Behind the house was another gate. Beyond it, an ancient vehicle was parked. It was open to the air like a Jeep or dune buggy.
The Gatekeeper got in on the driver’s side and motioned for me to join him on the passenger side. Once we were inside the vehicle, it began to move, climbing the banks of clouds as if they were sand dunes.
Up, down, and around the clouds we raced, as the Gatekeeper explained that each cloud bank represented an information storage bank. The records it contained, however, weren’t arranged chronologically. Each cloud bank represented a group of psychologically related souls.
“The last kind of connection between people,” the Gatekeeper explained, “consists of closely related groups of souls, which tend to incarnate together again and again to work out certain kinds of lessons that require a relatively consistent viewpoint, in terms of culture, time, and place. Individuals of this nature would also seem quite comfortable and familiar to you--even if you’d never met them before.
“Consciousness isn’t organized, in relation to other aspects of itself, in ways that you’re likely to understand at this point in your development. Just as clouds are continually dissolving and reforming, so can your consciousness change its association with others. You’re not necessarily part of a single--for want of a better word--oversoul.”
“For example, let’s suppose that your consciousness is part of a certain group. That group may have been caught up in the huge psychic storm clouds of World War II, along with many other soul groups. The fact of having been alive at that time will be imprinted on everyone else who was there.
“Thus, you’ll feel a sense of recognition, in the present life, whenever you encounter anyone who was present during WWII, even if you hadn’t met them in that earlier lifetime. And so it often is with various epochs and cultures: They leave recognizable imprints on the soul.
“Think of the elaborate cross-indexing system of a library catalog. If that cross-indexing were as visible as books in their stacks, you’d have some sense of how the Akashic records work.
“Each of the cloud forms in this sector of the World Memory Zone represents a different organization of consciousness. You may be a part of more than one of them. Your perceptual abilities, at this point in your development, cause you to see these clouds as separate entities, apparently unique and distinguishable from one another. Yet their seemingly spatial arrangement is an illusion.
“It would be much more accurate to say that your consciousness is a complex wave form that vibrates on a multitude of planes simultaneously, each plane carrying a portion of its identity, and corresponding to its membership in some larger association of souls. Your consciousness’s direction of focus, based on its needs, will determine which group memberships are most valid to you at a particular moment--and which souls you’ll tend to recognize, when encountering them on Earth. This will be true whether you’ve had a past life with someone, or have simply been imprinted in significant ways by having been present, though unknown to each other, during certain epochs of Earth’s history, such as the Civil War, or the plague years.
“Now, here we are,” the Gatekeeper said, as we stopped onto one of the dune-like cloud banks. “Come with me.”
We entered the cloud bank. I could see that it was made of myriad luminous particles rotating around a central core. I seemed to be on the edge of a galaxy, not a mere rain cloud.

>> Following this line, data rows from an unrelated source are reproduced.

lemma square_feasible_margin_le:
  assumes s: "s \<in>
    feasible_margins (support_min (convex hull (square_vertices k))) {a. lattice_point a \<and> a \<noteq> 0}"
  shows "s \<le> real k / 2"
proof -
  interpret lattice_vertices "square_vertices k" by (rule lattice_vertices_square)
  define h where "h = support_min (convex hull (square_vertices k))"
  obtain y where y: "\<And>a. lattice_point a \<Longrightarrow> a \<noteq> 0 \<Longrightarrow> h a + s \<le> a \<bullet> y"
    using s unfolding feasible_margins_def h_def by blast
  have "0 \<le> h (vector [1, 0])" "- real k \<le> h (vector [-1, 0])"
    unfolding h_def by (intro support_min_ge; auto simp: square_vertices_def inner_vec2)+
  moreover have "h (vector [1, 0]) + s \<le> y$1" "h (vector [-1, 0]) + s \<le> - y$1"
    using y[of "vector [1, 0]"] y[of "vector [-1, 0]"]
    by (simp_all add: lattice_point_vec2 vec2_eq_iff inner_vec2)
  ultimately show ?thesis by linarith
qed

lemma fine_codegree_square:
  assumes "0 < k"
  shows "fine_codegree (convex hull (square_vertices k)) = 2 / k"
proof -
  have "fine_codegree (convex hull (square_vertices k)) = inverse (real k / 2)"
    using assms square_feasible_margin square_feasible_margin_le
    by (intro fine_codegree_eq_inverse_max) auto
  then show ?thesis by simp
qed
(* Let $C$ be a cycle of goods, $N$ a regular set of $n$ agents, $t\ge2$ an integer, and $N_1,\dots,N_t$ pairwise disjoint subsets of $N$ with $\bigcup_{i=1}^t N_i=N$, $|N_1|\ge|N_2|\ge\dots\ge|N_t|$, such that for each $i$ all agents in $N_i$ are of the same type. Let $c_t=\frac{t}{2t-2}$. Suppose $N_1,N_2\neq\emptyset$ and there are $n$-splits $\Pi_1,\Pi_2$ of $C$ such that $\Pi_i$ is $c_t$-strong for the agents in $N_i$ ($i=1,2$), and there is a bundle $A\in\Pi_1$ and a bundle $B\in\Pi_2$ such that $A\cap B$ has value at least $c_t$ to some agent in $N$. Then there exists a $c_t$-strong allocation of the goods of $C$ to the agents in $N$.
   Context: A cycle of goods has goods $v_1,\dots,v_m$ with edges $v_iv_{i+1}$ and $v_mv_1$. A utility function assigns a non-negative real to each good, extended additively to sets. A bundle is a set of goods inducing a connected subgraph (empty allowed); an $n$-split is a sequence of $n$ pairwise disjoint bundles (possibly empty) with union all goods. $\mathrm{mms}^{(n)}(C,u)=\max_{P_1,\dots,P_n}\min_i u(P_i)$ over all $n$-splits. Agents are of the same type if they have the same utility function. An agent with utility $u$ is $n$-regular if $\mathrm{mms}^{(n)}(C,u)=u(\text{all goods})/n=1$; a set of $n$ agents is regular if every agent in it is $n$-regular. A split is $q$-strong for an agent if each of its bundles has value at least $q$ to that agent. An allocation (an $n$-split with the $i$-th bundle assigned to agent $i$) is $q$-strong if every agent receives a bundle of value at least $q$ to her. *)

theory Defs
  imports Complex_Main
begin

(* Cycle of goods with m goods, represented as 0,...,m-1, edges i -- (i+1) mod m.
  A bundle is a set of goods inducing a connected subgraph (the empty set allowed):
  exactly the empty set and the arcs of the cycle. *)

definition is_bundle :: "nat \<Rightarrow> nat set \<Rightarrow> bool" where
  "is_bundle m B \<longleftrightarrow> B = {} \<or>
     (\<exists>s k. s < m \<and> k \<le> m \<and> B = {(s + j) mod m | j. j < k})"

definition val :: "(nat \<Rightarrow> real) \<Rightarrow> nat set \<Rightarrow> real" where
  "val u S = (\<Sum>g\<in>S. u g)"

definition is_split :: "nat \<Rightarrow> nat \<Rightarrow> (nat \<Rightarrow> nat set) \<Rightarrow> bool" where
  "is_split m n P \<longleftrightarrow> (\<forall>i<n. is_bundle m (P i)) \<and>
     (\<forall>i<n. \<forall>j<n. i \<noteq> j \<longrightarrow> P i \<inter> P j = {}) \<and>
     (\<Union>i<n. P i) = {..<m}"

definition mms :: "nat \<Rightarrow> nat \<Rightarrow> (nat \<Rightarrow> real) \<Rightarrow> real" where
  "mms m n u = Max {Min ((\<lambda>i. val u (P i)) ` {..<n}) | P. is_split m n P}"

definition n_regular :: "nat \<Rightarrow> nat \<Rightarrow> (nat \<Rightarrow> real) \<Rightarrow> bool" where
  "n_regular m n u \<longleftrightarrow> mms m n u = val u {..<m} / real n \<and> val u {..<m} / real n = 1"

definition strong_for :: "nat \<Rightarrow> real \<Rightarrow> (nat \<Rightarrow> real) \<Rightarrow> (nat \<Rightarrow> nat set) \<Rightarrow> bool" where
  "strong_for n q u P \<longleftrightarrow> (\<forall>i<n. val u (P i) \<ge> q)"
(* For all $\theta_1,\theta_2\in\mathbb{R}$, the mixed-power-Euclidean bilinear form $g^{E,\theta_1,\theta_2}$ on $\mathrm{SPD}_n$ is symmetric and positive definite at every point, hence a Riemannian metric on $\mathrm{SPD}_n$; moreover $g^{E,\theta_1,\theta_2}=g^{E,\theta_2,\theta_1}$.
   Context: For $\theta\in\mathbb{R}$ define $\varphi_\theta:\mathrm{SPD}_n\to\mathrm{Sym}_n$ by $\varphi_\theta=\frac1\theta\mathrm{pow}_\theta$ if $\theta\neq0$ and $\varphi_0=\log$, where $\mathrm{pow}_\theta=\exp\circ(\theta\log)$ is the matrix power (acting on eigenvalues) and $\log$ the symmetric matrix logarithm; $\partial_X\varphi_\theta(\Sigma)$ denotes the differential of $\varphi_\theta$ at $\Sigma$ applied to $X\in\mathrm{Sym}_n\cong T_\Sigma\mathrm{SPD}_n$. The mixed-power-Euclidean bilinear form is $g^{E,\theta_1,\theta_2}_\Sigma(X,Y)=\mathrm{tr}\big(\partial_X\varphi_{\theta_1}(\Sigma)\,\partial_Y\varphi_{\theta_2}(\Sigma)\big)$, i.e. $\frac{1}{\theta_1\theta_2}\mathrm{tr}(\partial_X\mathrm{pow}_{\theta_1}(\Sigma)\,\partial_Y\mathrm{pow}_{\theta_2}(\Sigma))$ when $\theta_1\theta_2\ne0$. *)

theory Defs
  imports "HOL-Analysis.Analysis"
begin

definition Sym :: "(real^'n^'n) set" where
  "Sym = {A. transpose A = A}"

definition SPD :: "(real^'n^'n) set" where
  "SPD = {A. transpose A = A \<and> (\<forall>x. x \<noteq> 0 \<longrightarrow> x \<bullet> (A *v x) > 0)}"

definition diag_mat :: "('n::finite \<Rightarrow> real) \<Rightarrow> real^'n^'n" where
  "diag_mat d = (\<chi> i j. if i = j then d i else 0)"

definition matfun :: "(real \<Rightarrow> real) \<Rightarrow> real^'n^'n \<Rightarrow> real^'n^'n" where
  "matfun f A = (SOME M. \<exists>U d. orthogonal_matrix U \<and> A = U ** diag_mat d ** transpose U
                               \<and> M = U ** diag_mat (\<lambda>i. f (d i)) ** transpose U)"

definition mat_log :: "real^'n^'n \<Rightarrow> real^'n^'n" where
  "mat_log = matfun ln"

definition mat_pow :: "real \<Rightarrow> real^'n^'n \<Rightarrow> real^'n^'n" where
  "mat_pow \<theta> = matfun (\<lambda>x. exp (\<theta> * ln x))"

definition phi :: "real \<Rightarrow> real^'n^'n \<Rightarrow> real^'n^'n" where
  "phi \<theta> = (if \<theta> = 0 then mat_log else (\<lambda>A. (1 / \<theta>) *\<^sub>R mat_pow \<theta> A))"

definition dphi :: "real \<Rightarrow> real^'n^'n \<Rightarrow> real^'n^'n \<Rightarrow> real^'n^'n" where
  "dphi \<theta> \<Sigma> X = vector_derivative (\<lambda>t. phi \<theta> (\<Sigma> + t *\<^sub>R X)) (at 0)"

definition gE :: "real \<Rightarrow> real \<Rightarrow> real^'n^'n \<Rightarrow> real^'n^'n \<Rightarrow> real^'n^'n \<Rightarrow> real" where
  "gE \<theta>1 \<theta>2 \<Sigma> X Y = trace (dphi \<theta>1 \<Sigma> X ** dphi \<theta>2 \<Sigma> Y)"

end

theory Submission
  imports Defs
begin

text \<open>Diagonalise \<open>\<Sigma> = U diag(\<lambda>) U\<^sup>T\<close>. By the Daleckii--Krein formula the differential of
  \<open>\<phi>\<^sub>\<theta>\<close> at \<open>\<Sigma>\<close> acts in the eigenbasis as a Schur product: the \<open>(i,j)\<close> entry of
  \<open>U\<^sup>T (\<partial>\<^sub>X\<phi>\<^sub>\<theta>) U\<close> is \<open>\<phi>\<^sub>\<theta>[\<lambda>\<^sub>i,\<lambda>\<^sub>j] X'\<^sub>i\<^sub>j\<close>, where \<open>X' = U\<^sup>T X U\<close> and \<open>\<phi>\<^sub>\<theta>[x,y]\<close> is
  the first divided difference of the scalar function \<open>\<phi>\<^sub>\<theta>\<close>. Hence
  \<open>g(X,Y) = \<Sum>\<^sub>i\<^sub>j \<phi>\<^sub>\<theta>\<^sub>1[\<lambda>\<^sub>i,\<lambda>\<^sub>j] \<phi>\<^sub>\<theta>\<^sub>2[\<lambda>\<^sub>i,\<lambda>\<^sub>j] X'\<^sub>i\<^sub>j Y'\<^sub>i\<^sub>j\<close>, which is symmetric in \<open>X, Y\<close> and in
  \<open>\<theta>\<^sub>1, \<theta>\<^sub>2\<close>. Since \<open>\<phi>\<^sub>\<theta>' x = x\<^bsup>\<theta>-1\<^esup> > 0\<close>, every divided difference is positive by the mean
  value theorem, and \<open>X \<noteq> 0\<close> forces some \<open>X'\<^sub>i\<^sub>j \<noteq> 0\<close>, so the form is positive definite.

  The Daleckii--Krein formula itself comes from an exact expansion of \<open>f(B) - f(S)\<close> in the
  eigenbasis of \<open>S\<close> whose remainder involves second divided differences of \<open>f\<close>; these stay
  bounded because the eigenvalues of \<open>\<Sigma> + tX\<close> remain in a compact subinterval of \<open>(0,\<infinity>)\<close>
  for small \<open>t\<close>.\<close>

section \<open>Eigenvectors of real symmetric matrices\<close>

lemma symmetric_matrix_inner:
  fixes A :: "real^'n^'n"
  assumes "transpose A = A"
  shows "(A *v x) \<bullet> y = x \<bullet> (A *v y)"
  by (metis assms dot_lmul_matrix transpose_matrix_vector)

lemma Rayleigh_maximizer_is_eigenvector:
  fixes A :: "real^'n^'n"
  assumes sym: "transpose A = A" and S: "subspace S" and inv: "\<And>x. x \<in> S \<Longrightarrow> A *v x \<in> S"
    and vS: "v \<in> S" and nv: "norm v = 1"
    and max: "\<And>y. y \<in> S \<Longrightarrow> y \<bullet> (A *v y) \<le> (v \<bullet> (A *v v)) * (norm y)\<^sup>2"
  shows "A *v v = (v \<bullet> (A *v v)) *\<^sub>R v"
proof -
  define m where "m = v \<bullet> (A *v v)"
  define w where "w = A *v v - m *\<^sub>R v"
  have vv: "v \<bullet> v = 1" using nv by (simp add: norm_eq_1)
  have wS: "w \<in> S" unfolding w_def using S inv[OF vS] vS by (simp add: subspace_diff subspace_scale)
  have vw: "v \<bullet> w = 0" unfolding w_def by (simp add: inner_diff_right vv m_def)
  have wAv: "w \<bullet> (A *v v) = w \<bullet> w"
    using vw by (simp add: w_def inner_diff_left inner_diff_right inner_commute)
  \<comment> \<open>Testing the maximality of \<open>v\<close> against \<open>v + s w\<close> gives \<open>2 s |w|\<^sup>2 \<le> O(s\<^sup>2)\<close>, so \<open>w = 0\<close>.\<close>
  have quad: "2 * s * (w \<bullet> w) \<le> s\<^sup>2 * (m * (w \<bullet> w) - w \<bullet> (A *v w))" for s
  proof -
    have "v + s *\<^sub>R w \<in> S" using S vS wS by (simp add: subspace_add subspace_scale)
    from max[OF this] have "(v + s *\<^sub>R w) \<bullet> (A *v (v + s *\<^sub>R w)) \<le> m * (norm (v + s *\<^sub>R w))\<^sup>2"
      by (simp add: m_def)
    moreover have "v \<bullet> (A *v w) = w \<bullet> (A *v v)"
      using symmetric_matrix_inner[OF sym, of v w] by (simp add: inner_commute)
    moreover have "(norm (v + s *\<^sub>R w))\<^sup>2 = 1 + s\<^sup>2 * (w \<bullet> w)"
      unfolding power2_norm_eq_inner
      by (simp add: inner_add_left inner_add_right inner_commute vv vw power2_eq_square)
    ultimately show ?thesis
      by (simp add: inner_commute wAv m_def power2_eq_square algebra_simps)
  qed
  have "w \<bullet> w = 0"
  proof (rule ccontr)
    assume "w \<bullet> w \<noteq> 0"
    hence N: "w \<bullet> w > 0" by (simp add: order_less_le)
    define C where "C = m * (w \<bullet> w) - w \<bullet> (A *v w)"
    define s where "s = (w \<bullet> w) / (\<bar>C\<bar> + 1)"
    have s0: "s > 0" using N by (simp add: s_def)
    have "2 * s * (w \<bullet> w) \<le> s\<^sup>2 * C" using quad[of s] C_def by simp
    hence "2 * (w \<bullet> w) \<le> s * C" using s0 by (simp add: power2_eq_square mult.assoc)
    also have "\<dots> \<le> s * \<bar>C\<bar>" using s0 by (simp add: mult_left_mono)
    also have "\<dots> = (w \<bullet> w) * (\<bar>C\<bar> / (\<bar>C\<bar> + 1))" by (simp add: s_def)
    also have "\<dots> < (w \<bullet> w) * 1" using N by (intro mult_strict_left_mono) auto
    finally show False using N by simp
  qed
  thus ?thesis by (simp add: w_def m_def)
qed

The Gatekeeper brought me deeper into this galactic cloud and directed my attention to a bright light that was only a couple layers out from the center. It seemed to be locked in a complex orbital pattern with another bright light, like a double star.
It looked as if two stars had been in the process of passing each other, and had gotten enmeshed in their respective magnetic fields. They were gradually pulling each other closer and closer to a central orbital point.
“Those lights are the souls of two of your friends,” the Gatekeeper explained. “Do you remember the story of the lovers Francesca da Rimini and Piero from Dante’s Inferno? They’re supposedly doomed to swirl around forever, without rest, in a cloud of desire, because she was married, and he was her brother-in-law. They requited their love and were murdered by her husband [See Dante, Inferno, Canto V, 73-140].
“That story has some bearing on your friends’ relationship. Not literally, as in a past life. But they’ve been brought into orbit around each other by unrequited desire from a past life, in which they were in love, bu unable to be with each other because of their family ties. Now they can be together, as they wished to be then.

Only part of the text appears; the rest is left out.